Retrieval results mAP (\(\%\)) of GA-SRN in comparison with Bai et al. [7], Mafla et al. [4], Mafla et al. [8] on Con-Text and Drink-Bottle datasets, and the results of comparison with Sun et al. [11], Teh et al. [41], Zeng et al. [42] on CUB-200-2011 dataset

4.4 Effect of GA-SRN on fine-grained image retrieval

We also evaluate the retrieval performance of this model on query image. In practice, the vector before classification representing image features are taken and Cosine similarity matrix is used to retrieve the semantically nearest images. Given an image from the dataset, the model would pick out images belong to the same class as input in the form of a ranked list. As shown in Fig. 9, retrieval results of the proposed method on two datasets are compared with other approaches who also testify retrieval. Due to extra difficulty of recognizing text instances appeared in images of Drink-Bottle, results for all methods on Drink-Bottle are generally lower than on Con-Text. Retrieval mAP of the proposed method arrives at 76.48\({\%}\) and 67.62\({\%}\) on Con-Text and Drink-Bottle datasets which surpass previous best model by 0.98\({\%}\) and 2.23\({\%}\), respectively. Benefited from the semantic reasoning modules, the proposed network can obtain more discriminative features which eventually improve mAP in both classification and retrieval.

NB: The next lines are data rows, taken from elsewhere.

lemma esym_big: "finite A \<Longrightarrow> card A < k \<Longrightarrow> esym A k = 0"
proof -
  assume A: "finite A" "card A < k"
  then have "{S. S \<subseteq> A \<and> card S = k} = {}"
    by (auto dest: card_mono[OF A(1)])
  then show ?thesis unfolding esym_def by (metis sum.empty)
qed

lemma subsets_card_insert:
  assumes "finite A" "a \<notin> A" "1 \<le> k"
  shows "{S. S \<subseteq> insert a A \<and> card S = k}
       = {S. S \<subseteq> A \<and> card S = k} \<union> insert a ` {S. S \<subseteq> A \<and> card S = k - 1}"
proof (intro equalityI subsetI)
  fix S assume "S \<in> {S. S \<subseteq> insert a A \<and> card S = k}"
  then have S: "S \<subseteq> insert a A" "card S = k" "finite S"
    using assms(1) by (auto dest: finite_subset)
  show "S \<in> {S. S \<subseteq> A \<and> card S = k} \<union> insert a ` {S. S \<subseteq> A \<and> card S = k - 1}"
  proof (cases "a \<in> S")
    case True
    then have "S = insert a (S - {a})" "S - {a} \<subseteq> A" "card (S - {a}) = k - 1"
      using S by auto
    then show ?thesis by blast
  next
    case False
    then show ?thesis using S by blast
  qed
next
  fix S assume "S \<in> {S. S \<subseteq> A \<and> card S = k} \<union> insert a ` {S. S \<subseteq> A \<and> card S = k - 1}"
  then show "S \<in> {S. S \<subseteq> insert a A \<and> card S = k}"
  proof
    assume "S \<in> insert a ` {S. S \<subseteq> A \<and> card S = k - 1}"
    then obtain S' where S': "S = insert a S'" "S' \<subseteq> A" "card S' = k - 1" by blast
    moreover have "finite S'" "a \<notin> S'" using S' assms(1,2) by (auto dest: finite_subset)
    ultimately show ?thesis using assms(3) by auto
  qed blast
qed

lemma esym_insert:
  assumes "finite A" "a \<notin> A" "1 \<le> k"
  shows "esym (insert a A) k = esym A k + Xv a * esym A (k - 1)"
proof -
  let ?Sk = "{S. S \<subseteq> A \<and> card S = k}" and ?Sk' = "{S. S \<subseteq> A \<and> card S = k - 1}"
  have fin: "finite ?Sk" "finite ?Sk'" using assms(1) by (simp_all add: finite_Collect_subsets)
  have disj: "?Sk \<inter> insert a ` ?Sk' = {}" using assms(2) by blast
  have inj: "inj_on (insert a) ?Sk'"
    using assms(2) by (intro inj_onI) (metis Diff_insert_absorb mem_Collect_eq subsetD)
  have "esym (insert a A) k = (\<Sum>S\<in>?Sk. \<Prod>j\<in>S. Xv j) + (\<Sum>S\<in>insert a ` ?Sk'. \<Prod>j\<in>S. Xv j)"
    unfolding esym_def subsets_card_insert[OF assms] using fin disj by (simp add: sum.union_disjoint)
  also have "(\<Sum>S\<in>insert a ` ?Sk'. \<Prod>j\<in>S. Xv j) = (\<Sum>S\<in>?Sk'. Xv a * (\<Prod>j\<in>S. Xv j))"
    unfolding sum.reindex[OF inj] comp_def
  proof (rule sum.cong[OF refl])
    fix S assume "S \<in> ?Sk'"
    then have "finite S" "a \<notin> S" using assms(1,2) by (auto dest: finite_subset)
    then show "prod Xv (insert a S) = Xv a * (\<Prod>j\<in>S. Xv j)" by simp
  qed
  finally show ?thesis by (simp add: esym_def sum_distrib_left)
qed

lemma Tset_empty [simp]: "Tset lam {} = 0" by (simp add: Tset_def)

lemma Tset_insert:
  assumes "finite A" "a \<notin> A"
  shows "Tset lam (insert a A) = Tset lam A + Xv a + pconst lam * Tset lam A * Xv a"
proof -
  let ?n = "card A"
  let ?c = "\<lambda>k. pconst (lam ^ (k - 1))"
  have "Tset lam (insert a A) = (\<Sum>k=1..Suc ?n. ?c k * (esym A k + Xv a * esym A (k - 1)))"
    unfolding Tset_def using assms by (simp add: esym_insert)
  also have "\<dots> = (\<Sum>k=1..Suc ?n. ?c k * esym A k) + Xv a * (\<Sum>k=1..Suc ?n. ?c k * esym A (k - 1))"
    by (simp add: distrib_left sum.distrib sum_distrib_left mult_ac)
  also have "(\<Sum>k=1..Suc ?n. ?c k * esym A k) = Tset lam A"
    unfolding Tset_def using assms by (simp add: esym_big)
  also have "(\<Sum>k=1..Suc ?n. ?c k * esym A (k - 1)) = (\<Sum>k=0..?n. ?c (Suc k) * esym A k)"
    using sum.shift_bounds_cl_Suc_ivl[of "\<lambda>k. ?c k * esym A (k - 1)" 0 ?n] by simp
  also have "\<dots> = ?c 1 * esym A 0 + (\<Sum>k=1..?n. ?c (Suc k) * esym A k)"
    by (subst sum.atLeast_Suc_atMost) auto
  also have "(\<Sum>k=1..?n. ?c (Suc k) * esym A k) = pconst lam * Tset lam A"
    unfolding Tset_def sum_distrib_left
  proof (rule sum.cong[OF refl])
    fix k assume "k \<in> {1..?n}"
    then have "lam ^ (Suc k - 1) = lam * lam ^ (k - 1)" by (cases k) auto
    then show "?c (Suc k) * esym A k = pconst lam * (?c k * esym A k)"
      by (simp add: pconst_mult mult_ac)
  qed
  also have "?c 1 * esym A 0 = 1" using assms by (simp add: esym_0)
  finally show ?thesis by (simp add: algebra_simps)
qed

lemma Tset_single: "Tset lam {a} = Xv a"
  using Tset_insert[of "{}" a lam] by simp

lemma Tset_union:
  assumes "finite A" "finite B" "A \<inter> B = {}"
  shows "Tset lam (A \<union> B) = Tset lam A + Tset lam B + pconst lam * Tset lam A * Tset lam B"
  using assms(2,3)
proof (induction B rule: finite_induct)
  case (insert b B)
  have "Tset lam (A \<union> insert b B) = Tset lam (A \<union> B) + Xv b + pconst lam * Tset lam (A \<union> B) * Xv b"
    using insert assms(1) Tset_insert[of "A \<union> B" b lam] by auto
  moreover have "Tset lam (insert b B) = Tset lam B + Xv b + pconst lam * Tset lam B * Xv b"
    using insert by (intro Tset_insert) auto
  ultimately show ?case using insert by (simp add: algebra_simps)
qed simp

lemma Tset_rename:
  assumes "finite A" "inj_on g A" "\<And>v. v \<in> A \<Longrightarrow> \<sigma> v = Xv (g v)"
  shows "psubst \<sigma> (Tset lam A) = Tset lam (g ` A)"
  using assms
proof (induction A rule: finite_induct)
  case (insert x F)
  then have "g x \<notin> g ` F" by auto
  then show ?case using insert by (simp add: Tset_insert psubst_add psubst_mult)
qed simp

lemma vars_Tset: "finite A \<Longrightarrow> vars (Tset lam A) \<subseteq> A"
proof (induction A rule: finite_induct)
  case (insert x F)
  have "vars (Tset lam F + Xv x + pconst lam * Tset lam F * Xv x) \<subseteq> insert x F"
    using insert(3) vars_Xv[of x] by (intro vars_add_le vars_mult_le) auto
  then show ?case by (simp only: Tset_insert[OF insert(1,2)])
qed (simp add: vars_def Tset_def)

lemma Tset_subst:
  assumes "finite S" "a \<in> S" "inj_on g (S - {a})" "finite B" "B \<inter> g ` (S - {a}) = {}"
    "\<And>v. v \<in> S - {a} \<Longrightarrow> \<sigma> v = Xv (g v)" "\<sigma> a = Tset lam B"
  shows "psubst \<sigma> (Tset lam S) = Tset lam (g ` (S - {a}) \<union> B)"
proof -
  have "Tset lam S = Tset lam (S - {a}) + Xv a + pconst lam * Tset lam (S - {a}) * Xv a"
    using Tset_insert[of "S - {a}" a lam] assms(1,2) by (simp add: insert_absorb)
  then have "psubst \<sigma> (Tset lam S)
      = Tset lam (g ` (S - {a})) + Tset lam B + pconst lam * Tset lam (g ` (S - {a})) * Tset lam B"
    using assms Tset_rename[of "S - {a}" g \<sigma> lam] by (simp add: psubst_add psubst_mult)
  also have "\<dots> = Tset lam (g ` (S - {a}) \<union> B)"
    using assms by (subst Tset_union) auto
  finally show ?thesis .
qed

lemma theta_shift:
  assumes "\<And>w. i \<le> w \<Longrightarrow> w < i + m \<Longrightarrow> \<sigma> w = Xv (w + c)"
  shows "psubst \<sigma> (theta lam i m) = theta lam (i + c) m"
proof -
  have "psubst \<sigma> (Tset lam {i..<i+m}) = Tset lam ((\<lambda>w. w + c) ` {i..<i+m})"
    using assms by (intro Tset_rename) (auto simp: inj_on_def)
  also have "(\<lambda>w. w + c) ` {i..<i+m} = {i+c..<i+c+m}"
    by (simp add: add.commute add.left_commute)
  finally show ?thesis by (simp add: theta_Tset)
qed

lemma theta_nest:
  assumes ia: "i \<le> a" "a < i + m" and k: "1 \<le> k"
    and below: "\<And>w. i \<le> w \<Longrightarrow> w < a \<Longrightarrow> \<sigma> w = Xv w"
    and at: "\<sigma> a = theta lam a k"
    and above: "\<And>w. a < w \<Longrightarrow> w < i + m \<Longrightarrow> \<sigma> w = Xv (w + k - 1)"
  shows "psubst \<sigma> (theta lam i m) = theta lam i (m + k - 1)"
proof -
  define g where "g w = (if w < a then w else w + k - 1)" for w
  let ?S = "{i..<i+m}"
  have merged: "g ` (?S - {a}) \<union> {a..<a+k} = {i..<i + (m + k - 1)}"
  proof (intro equalityI subsetI)
    fix w assume w: "w \<in> {i..<i + (m + k - 1)}"
    consider "w < a" | "a \<le> w" "w < a + k" | "a + k \<le> w" by linarith
    then show "w \<in> g ` (?S - {a}) \<union> {a..<a+k}"
    proof cases
      case 1
      then show ?thesis using w ia by (intro UnI1 rev_image_eqI[of w]) (auto simp: g_def)
    next
      case 3
      then show ?thesis using w ia k by (intro UnI1 rev_image_eqI[of "w + 1 - k"]) (auto simp: g_def)
    qed auto
  qed (use ia k in \<open>auto simp: g_def\<close>)
  have "psubst \<sigma> (Tset lam ?S) = Tset lam (g ` (?S - {a}) \<union> {a..<a+k})"
  proof (rule Tset_subst)
    show "inj_on g (?S - {a})" using k by (auto simp: inj_on_def g_def split: if_splits)
    show "{a..<a + k} \<inter> g ` (?S - {a}) = {}" using k by (auto simp: g_def)
    show "\<And>v. v \<in> ?S - {a} \<Longrightarrow> \<sigma> v = Xv (g v)" using below above by (auto simp: g_def)
    show "\<sigma> a = Tset lam {a..<a + k}" using at by (simp add: theta_Tset)
  qed (use ia in auto)
  then show ?thesis using merged by (simp add: theta_Tset)
qed

lemma theta_1: "theta lam i 1 = Xv i"
  by (simp add: theta_Tset Tset_single)

lemma theta_1_2: "theta lam 1 2 = Xv 1 + Xv 2 + pconst lam * Xv 1 * Xv 2"
proof -
  have "{1..<1+2} = insert (2::nat) {1}" by auto
  then show ?thesis by (simp add: theta_Tset Tset_insert Tset_single)
qed

lemma Qc_theta: "1 \<le> i \<Longrightarrow> i + m \<le> n + 1 \<Longrightarrow> theta lam i m \<in> Qc n"
  using vars_Tset[of "{i..<i+m}" lam] by (auto simp: theta_Tset Qc_iff)

section \<open>\<open>Q\<^sup>\<lambda>\<close> is a non-symmetric operad\<close>

definition ins_sub :: "'a::comm_ring_1 \<Rightarrow> nat \<Rightarrow> nat \<Rightarrow> nat \<Rightarrow> 'a kpoly" where
  "ins_sub lam i m j = (if j < i then Xv j else if j = i then theta lam i m else Xv (j + m - 1))"

definition place :: "nat \<Rightarrow> nat \<Rightarrow> 'a::comm_ring_1 kpoly" where
  "place i j = Xv (j + i - 1)"

lemma qcomp_subst: "qcomp lam n m i P Q = psubst (ins_sub lam i m) P * psubst (place i) Q"
  by (simp add: qcomp_def ins_sub_def[abs_def] place_def[abs_def])

lemma ins_sub_1 [simp]: "ins_sub lam i (Suc 0) = Xv"
  by (rule ext) (simp add: ins_sub_def theta_1[unfolded One_nat_def])

lemma place_1 [simp]: "place (Suc 0) = Xv"
  by (rule ext) (simp add: place_def)

text \<open>The variable-wise identities behind sequential associativity: substituting into the
  inserted block merges the blocks (\<open>ins_sub_nest\<close>), insertion commutes with placement
  (\<open>ins_sub_place\<close>), and placements compose (\<open>place_place\<close>).\<close>
lemma ins_sub_nest:
  assumes "i \<le> a" "a < i + m" "1 \<le> k"
  shows "(\<lambda>v. psubst (ins_sub lam a k) (ins_sub lam i m v)) = ins_sub lam i (m + k - 1)"
proof
  fix v
  consider "v < i" | "v = i" | "i < v" by linarith
  then show "psubst (ins_sub lam a k) (ins_sub lam i m v) = ins_sub lam i (m + k - 1) v"
  proof cases
    case 2
    have "psubst (ins_sub lam a k) (theta lam i m) = theta lam i (m + k - 1)"
      by (rule theta_nest[where a = a]) (use assms in \<open>auto simp: ins_sub_def\<close>)
    then show ?thesis using 2 by (simp add: ins_sub_def)
  qed (use assms in \<open>auto simp: ins_sub_def intro!: arg_cong[where f = Xv]\<close>)
qed

lemma ins_sub_place:
  assumes "1 \<le> i" "1 \<le> k"
  shows "(\<lambda>v. psubst (ins_sub lam (i - 1 + j) k) (place i v))
       = (\<lambda>v. psubst (place i) (ins_sub lam j k v))"
proof
  fix v
  consider "v < j" | "v = j" | "j < v" by linarith
  then show "psubst (ins_sub lam (i - 1 + j) k) (place i v) = psubst (place i) (ins_sub lam j k v)"
  proof cases
    case 2
    have "psubst (place i) (theta lam j k) = theta lam (j + (i - 1)) k"
      by (rule theta_shift) (use assms in \<open>simp add: place_def\<close>)
    then show ?thesis using 2 assms by (simp add: ins_sub_def place_def add.commute)
  qed (use assms in \<open>auto simp: ins_sub_def place_def intro!: arg_cong[where f = Xv]\<close>)
qed

lemma place_place:
  assumes "1 \<le> i" "1 \<le> j"
  shows "(\<lambda>v. psubst (place i) (place j v)) = place (i - 1 + j)"
proof
  fix v
  have "v + j - 1 + i - 1 = v + (i - 1 + j) - 1" using assms by linarith
  then show "psubst (place i) (place j v) = place (i - 1 + j) v" by (simp add: place_def)
qed

text \<open>The variable-wise identities behind parallel associativity (\<open>i < j\<close>): the two
  insertions commute, and each leaves the other's placed variables alone.\<close>
lemma ins_sub_commute:
  assumes "i < j" "1 \<le> m" "1 \<le> k"
  shows "(\<lambda>v. psubst (ins_sub lam (j + m - 1) k) (ins_sub lam i m v))
       = (\<lambda>v. psubst (ins_sub lam i m) (ins_sub lam j k v))"
proof
  fix v
  consider "v < i" | "v = i" | "i < v" "v < j" | "v = j" | "j < v" by linarith
  then show "psubst (ins_sub lam (j + m - 1) k) (ins_sub lam i m v)
           = psubst (ins_sub lam i m) (ins_sub lam j k v)"
  proof cases
    case 2
    have "psubst (ins_sub lam (j + m - 1) k) (theta lam i m) = theta lam (i + 0) m"
      by (rule theta_shift) (use assms in \<open>auto simp: ins_sub_def\<close>)
    then show ?thesis using 2 assms by (simp add: ins_sub_def)
  next
    case 4
    have "psubst (ins_sub lam i m) (theta lam j k) = theta lam (j + (m - 1)) k"
      by (rule theta_shift) (use assms in \<open>auto simp: ins_sub_def\<close>)
    then show ?thesis using 4 assms by (simp add: ins_sub_def)
  qed (use assms in \<open>auto simp: ins_sub_def intro!: arg_cong[where f = Xv]\<close>)
qed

Figure 9 shows the retrieval performance comparison of our GA-SRN with other content-based image classification methods Sun et al. [11], Teh et al. [41] and Zeng et al. [42] on CUB-200-2011 dataset. The proposed method achieves relatively higher results than current methods, which could be explained as our better ability to discriminate subtle differences in recognizing categories. At the same time, the comparative experiments show that Sun et al. [11] shows comparatively the best results among all. This might be because of its specific focus on local discriminative region location and feature representation based on high-response region searching which is extremely contributing to content-based image retrieval.

5 Conclusions

In this paper, an end-to-end feature-relationship enhancement concerning network for FGIC is proposed. In specific, semantic relationship reasoning with positional features is firstly realized for both local and textual encoding by the proposed GFRE with efficient GAT. GFRE could provide feature representation and relation exploitation between any two input features. M3JSR is established by cross-modal GFREs with multi-head fusion for re-representing visual and text encoder outputs. This module enhances previous multi-modal reasoning with GCN to some extent. Ablation studies verify the effectiveness of generating more discriminatively represented features by the proposed semantic reasoning modules and rearranged positional encoding. Experimental results show that the proposed method achieves slightly more surpassing results on Con-Text, while mistakenly embedded text instances initially on certain Drink-Bottle images may hinder downstream structural advance from taking effect. Future studies might seek for more competent text embedding network in practice to deal with basic errors caused by recognition on varying scene text. Also, improvement could be further made on GAT-based semantic relationship enhancement structure.